- [Task objective]:
Beginning with the line where "finally show ?thesis ." appears, repeat every remaining line of the entries exactly, the last line included.

- [Extracted information]:
lemma loop_image:
  assumes "loop"
  shows "\<Gamma> = \<gamma> ` {0..<1}"
proof
  show "\<Gamma> \<subseteq> \<gamma> ` {0..<1}"
  proof
    fix x assume "x \<in> \<Gamma>"
    then obtain s where s: "s \<in> {0..1}" "x = \<gamma> s" by (auto simp: path_image_def)
    show "x \<in> \<gamma> ` {0..<1}"
    proof (cases "s = 1")
      case True
      then have "x = \<gamma> 0" using assms s by (simp add: pathfinish_def pathstart_def)
      then show ?thesis by force
    qed (use s in force)
  qed
qed (auto simp: path_image_def)

lemma loop_inj_on: "inj_on \<gamma> {0..<1}"
  by (rule inj_onI) (use loop_free in force)

lemma arc_inj_on:
  assumes "\<not> loop"
  shows "inj_on \<gamma> {0..1}"
proof (rule inj_onI)
  fix a b assume ab: "a \<in> {0..1}" "b \<in> {0..1}" "\<gamma> a = \<gamma> b"
  have "\<gamma> 0 \<noteq> \<gamma> 1" using assms by (simp add: pathfinish_def pathstart_def)
  then show "a = b" using loop_free[OF ab] ab by auto
qed

lemma param_section_loop:
  assumes "loop" "x \<in> \<Gamma>"
  shows "P x \<in> {0..<1} \<and> \<gamma> (P x) = x"
proof -
  have "x \<in> \<gamma> ` {0..<1}" using assms loop_image by blast
  then show ?thesis using assms(1) by (simp add: param_def inv_into_into f_inv_into_f del: atLeastLessThan_iff)
qed

lemma param_loop_path: "loop \<Longrightarrow> s \<in> {0..<1} \<Longrightarrow> P (\<gamma> s) = s"
  by (simp add: param_def inv_into_f_f[OF loop_inj_on] del: atLeastLessThan_iff)

lemma param_arc_path: "\<not> loop \<Longrightarrow> s \<in> {0..1} \<Longrightarrow> P (\<gamma> s) = s"
  by (simp add: param_def inv_into_f_f[OF arc_inj_on] del: atLeastAtMost_iff)

lemma param_section_arc:
  assumes "\<not> loop" "x \<in> \<Gamma>"
  shows "P x \<in> {0..1} \<and> \<gamma> (P x) = x"
proof -
  have "P x = inv_into {0..1} \<gamma> x" using assms(1) by (simp add: param_def)
  moreover have "x \<in> \<gamma> ` {0..1}" using assms(2) by (simp add: path_image_def)
  ultimately show ?thesis using inv_into_into f_inv_into_f by metis
qed

lemma param_section:
  assumes "x \<in> \<Gamma>"
  shows "P x \<in> {0..1} \<and> \<gamma> (P x) = x"
proof (cases loop)
  case True
  then show ?thesis using param_section_loop[OF True assms] by simp
qed (use param_section_arc assms in blast)

lemma param_inj:
  assumes "x \<in> \<Gamma>" "y \<in> \<Gamma>" "P x = P y"
  shows "x = y"
proof -
  have "x = \<gamma> (P x)" using param_section[OF assms(1)] by simp
  also have "\<dots> = y" using param_section[OF assms(2)] assms(3) by simp
  finally show ?thesis .
qed

lemma orient_pres_comp:
  "orient_pres \<gamma> h \<Longrightarrow> orient_pres \<gamma> k \<Longrightarrow> (\<And>x. x \<in> \<Gamma> \<Longrightarrow> k x \<in> \<Gamma>) \<Longrightarrow>
    orient_pres \<gamma> (\<lambda>x. h (k x))"
  unfolding orient_pres_def by simp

- [Response to the task]:
  finally show ?thesis .
qed

lemma orient_pres_comp:
  "orient_pres \<gamma> h \<Longrightarrow> orient_pres \<gamma> k \<Longrightarrow> (\<And>x. x \<in> \<Gamma> \<Longrightarrow> k x \<in> \<Gamma>) \<Longrightarrow>
    orient_pres \<gamma> (\<lambda>x. h (k x))"
  unfolding orient_pres_def by simp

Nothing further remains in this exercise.